On December 25, Ariad Pharmaceutical had its "Overweight" rating reiterated by analysts at Barclays Capital who have a $30.00 price target on the stock. On December 17, 2012, William Blair reaffirmed their "outperform" rating and put a $28.00 target on the stock. Analysts at the Maxim Group lowered their price target to $24, but maintained their "Buy" rating on the stock. On December 14, Citigroup reiterated their "Buy" rating and have a $31.00 price target. On December 14, Cowen also reaffirmed "outperform" rating.
Iclusig is frequently referred to as a "first in class" drug. While the FDA has only approved Iclusig for leukemia patients who are resistant or intolerant to other drugs, research is ongoing which may enable Iclusig to expand the label for other indications, which would provide Ariad with an opportunity to gain a larger portion of the estimated $4.5 billion annual CML market now dominated by Novartis with their Gleevec and Tasigna products and Bristol-Myers Squibb with their Sprycel drug.
The optimal first-line treatment for patients with newly diagnosed chronic-phase CML is controversial. When used as first-line treatments, some studies have found that Tasigna, Sprycel and Bosulif have all produced better response rates than Gleevec.
In July 2012, Ariad launched a Phase 3 trial testing Iclusig head to head with Gleevec in people newly diagnosed with CML. Positive results from that trial could propel Iclusig to blockbuster drug status. Harvey Berger, Ariad's CEO, has predicted that Iclusig could generate $1.5 billion in projected revenue if the company can broaden the label to include its use as an initial treatment for leukemia.

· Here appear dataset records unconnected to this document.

lemma nn_integral_fdp_summand_row_le:
  assumes ij: "(i,j) \<in> true_nulls" and x: "x \<in> space (PiM ({..<b} - {i}) row_space)"
  shows "(\<integral>\<^sup>+w. ennreal (fdp_summand (i,j) (x(i := prow s P i w))) \<partial>M) \<le> ennreal (\<alpha> / n0_loo i x)"
proof -
  have i: "i < b" "j < s i" using true_nullsD[OF ij] by auto
  define D where "D w = cutoff (x(i := prow s P i w))" for w
  have "fdp_summand (i,j) (x(i := prow s P i w))
      = (if P i j w \<le> real (D w) * (\<alpha> / n0_loo i x) then 1 / real (D w) else 0)" if w: "w \<in> space M" for w
  proof -
    have "mat_of_rows b s (x(i := prow s P i w)) (i,j) = P i j w"
      using i pval w by (simp add: mat_of_rows_apply prow_def clamp01_id)
    then show ?thesis
      unfolding fdp_summand_def D_def using n0_loo_pos[of i x]
      by (simp add: pos_le_divide_eq mult.commute)
  qed
  then have "(\<integral>\<^sup>+w. ennreal (fdp_summand (i,j) (x(i := prow s P i w))) \<partial>M)
      = (\<integral>\<^sup>+w. ennreal (if P i j w \<le> real (D w) * (\<alpha> / n0_loo i x) then 1 / real (D w) else 0) \<partial>M)"
    by (intro nn_integral_cong) simp
  also have "\<dots> \<le> ennreal (\<alpha> / n0_loo i x)"
  proof (rule step_up_indicator_bound)
    show "P i j \<in> borel_measurable M" "\<And>w. w \<in> space M \<Longrightarrow> 0 \<le> P i j w \<and> P i j w \<le> 1"
      using meas pval i by auto
    show "D \<in> measurable M (count_space UNIV)"
      unfolding D_def by (rule measurable_cutoff_upd_row[OF i(1) x])
    show "\<And>w. 1 \<le> D w \<and> D w \<le> b" unfolding D_def using cutoff_bounds by blast
    show "0 < \<alpha> / n0_loo i x" using alpha_pos n0_loo_pos by simp
  qed (use prob_true_null_le[OF ij] cond_prob_cutoff_mono[OF ij x] in \<open>simp_all add: D_def\<close>)
  finally show ?thesis .
qed

lemma du_mat_le_mat_of_rows:
  assumes "w \<in> space M" "p \<in> idx b s"
  shows "du_mat b s truenull P i w p \<le> mat_of_rows b s ((row_tuple w)(i := (\<lambda>_. 0))) p"
  using assms pval by (cases p) (auto simp: du_mat_def mat_of_rows_apply row_tuple_def prow_def clamp01_id)

lemma du_mat_PiE: "w \<in> space M \<Longrightarrow> du_mat b s truenull P i w \<in> PiE (idx b s) (\<lambda>_. {0..1})"
  unfolding du_mat_def using pval by (auto simp: PiE_iff idx_def)

lemma measurable_du_mat: "du_mat b s truenull P i \<in> measurable M (PiM (idx b s) (\<lambda>_. borel))"
  unfolding du_mat_def
proof (rule measurable_restrict)
  fix p assume "p \<in> idx b s"
  moreover obtain k l where "p = (k,l)" by (cases p)
  ultimately show "(\<lambda>w. case p of (k, l) \<Rightarrow> if k = i \<or> \<not> truenull k l then 0 else P k l w)
      \<in> borel_measurable M"
    using meas by (cases "k = i \<or> \<not> truenull k l") auto
qed

lemma nn_integral_fdp_summand_le:
  assumes ij: "(i,j) \<in> true_nulls"
  shows "(\<integral>\<^sup>+w. ennreal (fdp_summand (i,j) (row_tuple w)) \<partial>M)
           \<le> ennreal \<alpha> * (\<integral>\<^sup>+w. ennreal (1 / n0hat (du_mat b s truenull P i w)) \<partial>M)"
proof -
  have i: "i < b" using true_nullsD[OF ij] by simp
  let ?\<Pi> = "PiM ({..<b} - {i}) row_law"
  have "(\<integral>\<^sup>+w. ennreal (fdp_summand (i,j) (row_tuple w)) \<partial>M)
      = (\<integral>\<^sup>+x. (\<integral>\<^sup>+w. ennreal (fdp_summand (i,j) (x(i := prow s P i w))) \<partial>M) \<partial>?\<Pi>)"
    using i by (intro nn_integral_row_tuple_split) measurable
  also have "\<dots> \<le> (\<integral>\<^sup>+x. ennreal (\<alpha> / n0_loo i x) \<partial>?\<Pi>)"
    using ij space_PiM_row_law[of "{..<b} - {i}"]
    by (intro nn_integral_mono nn_integral_fdp_summand_row_le) auto
  also have "\<dots> = (\<integral>\<^sup>+x. (\<integral>\<^sup>+w. ennreal (\<alpha> / n0_loo i (x(i := prow s P i w))) \<partial>M) \<partial>?\<Pi>)"
    by (simp add: emeasure_space_1)
  also have "\<dots> = (\<integral>\<^sup>+w. ennreal (\<alpha> / n0_loo i (row_tuple w)) \<partial>M)"
    using i by (intro nn_integral_row_tuple_split[symmetric]) measurable
  also have "\<dots> \<le> (\<integral>\<^sup>+w. ennreal \<alpha> * ennreal (1 / n0hat (du_mat b s truenull P i w)) \<partial>M)"
  proof (intro nn_integral_mono)
    fix w assume w: "w \<in> space M"
    have du_pos: "0 < n0hat (du_mat b s truenull P i w)" using n0_pos du_mat_PiE[OF w] by blast
    have "n0hat (du_mat b s truenull P i w) \<le> n0_loo i (row_tuple w)"
      unfolding n0_loo_def using du_mat_le_mat_of_rows[OF w]
      by (intro n0hat_mono du_mat_PiE[OF w] mat_of_rows_PiE)
    then have "\<alpha> / n0_loo i (row_tuple w) \<le> \<alpha> * (1 / n0hat (du_mat b s truenull P i w))"
      using du_pos alpha_pos by (simp add: frac_le)
    then show "ennreal (\<alpha> / n0_loo i (row_tuple w)) \<le> ennreal \<alpha> * ennreal (1 / n0hat (du_mat b s truenull P i w))"
      using alpha_pos du_pos by (simp add: ennreal_leI ennreal_mult[symmetric])
  qed
  also have "\<dots> = ennreal \<alpha> * (\<integral>\<^sup>+w. ennreal (1 / n0hat (du_mat b s truenull P i w)) \<partial>M)"
    using measurable_compose[OF measurable_du_mat n0_meas] by (intro nn_integral_cmult) simp
  finally show ?thesis .
qed

lemma sum_true_nulls:
  fixes f :: "nat \<Rightarrow> 'b::comm_semiring_1"
  shows "(\<Sum>p\<in>true_nulls. f (fst p)) = (\<Sum>i<b. \<Sum>j<s i. (if truenull i j then 1 else 0) * f i)"
proof -
  have "true_nulls = Sigma {..<b} (\<lambda>i. {j \<in> {..<s i}. truenull i j})"
    unfolding true_nulls_def idx_def by auto
  then have "(\<Sum>p\<in>true_nulls. f (fst p)) = (\<Sum>i<b. \<Sum>j\<in>{j \<in> {..<s i}. truenull i j}. f i)"
    by (subst sum.Sigma) (auto simp: split_beta)
  also have "\<dots> = (\<Sum>i<b. \<Sum>j<s i. (if truenull i j then 1 else 0) * f i)"
  proof -
    have "(\<Sum>j\<in>{j \<in> {..<s i}. truenull i j}. f i) = (\<Sum>j<s i. if truenull i j then f i else 0)" for i
      by (rule sum.inter_filter[OF finite_lessThan])
    then show ?thesis by (auto intro!: sum.cong)
  qed
  finally show ?thesis .
qed

lemma abh_fdr_le:
  assumes n0_du: "(\<Sum>i<b. \<Sum>j<s i. (if truenull i j then 1 else 0) *
                   (\<integral>\<^sup>+ w. ennreal (1 / n0hat (du_mat b s truenull P i w)) \<partial>M)) \<le> 1"
  shows "abh_fdr M b s truenull \<alpha> n0hat P \<le> \<alpha>"
proof -
  let ?G = "\<lambda>i. \<integral>\<^sup>+ w. ennreal (1 / n0hat (du_mat b s truenull P i w)) \<partial>M"
  have "(\<integral>\<^sup>+w. ennreal (fdp w) \<partial>M) \<le> (\<integral>\<^sup>+w. (\<Sum>p\<in>true_nulls. ennreal (fdp_summand p (row_tuple w))) \<partial>M)"
    using fdp_le_sum_fdp_summand
    by (intro nn_integral_mono) (simp add: ennreal_leI sum_ennreal fdp_summand_def)
  also have "\<dots> = (\<Sum>p\<in>true_nulls. \<integral>\<^sup>+w. ennreal (fdp_summand p (row_tuple w)) \<partial>M)"
    by (intro nn_integral_sum) measurable
  also have "\<dots> \<le> (\<Sum>p\<in>true_nulls. ennreal \<alpha> * ?G (fst p))"
    using nn_integral_fdp_summand_le by (intro sum_mono) auto
  also have "\<dots> = ennreal \<alpha> * (\<Sum>i<b. \<Sum>j<s i. (if truenull i j then 1 else 0) * ?G i)"
    by (simp only: sum_distrib_left[symmetric] sum_true_nulls[of ?G])
  also have "\<dots> \<le> ennreal \<alpha>" using mult_left_mono[OF n0_du] by simp
  finally have "(\<integral>w. fdp w \<partial>M) \<le> \<alpha>" using alpha_pos by (intro integral_real_bounded) auto
  then show ?thesis unfolding abh_fdr_def fdp_def .
qed

end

Due to its strong oncology pipeline, some analysts believe Ariad could be a potential acquisition candidate for such pharmaceutical industry giants as Celgene (CELG), Amgen (AMGN), Eli Lilly (LLY), Merck and Johnson & Johnson . Others have speculated that Ariad could be a prime target for Gilead Sciences (GILD), a company that "has spent $1.2 billion in two years to buy blood cancer drugs" and "it's looking for more." Ariad insists that the company is not for sale and they are determined to remain independent.
Remaining independent is a key reason why many Ariad investors are so excited about the company. While most small cap and mid cap biotech firms must partner with pharmaceutical giants like Pfizer or Merck to help pay for the development of promising investigational drugs, Ariad has been able to raise the necessary funds to develop Iclusig and AP26113, and thus maintain worldwide rights for its two most promising drugs.
With the US approval of Iclusig, Ariad is transforming from a biotech research firm to a revenue generating, commercial pharmaceutical company. It has taken over 20 years for Ariad to get here. Recently, the company's workforce has more than doubled to about 300 employees. Ariad has opened a European headquarters in Lausanne, Switzerland. There is plenty to be excited about in this $3.5 billion market cap company. With these recent developments, Ariad can not only save lives, but also offer the prudent investor a lucrative return.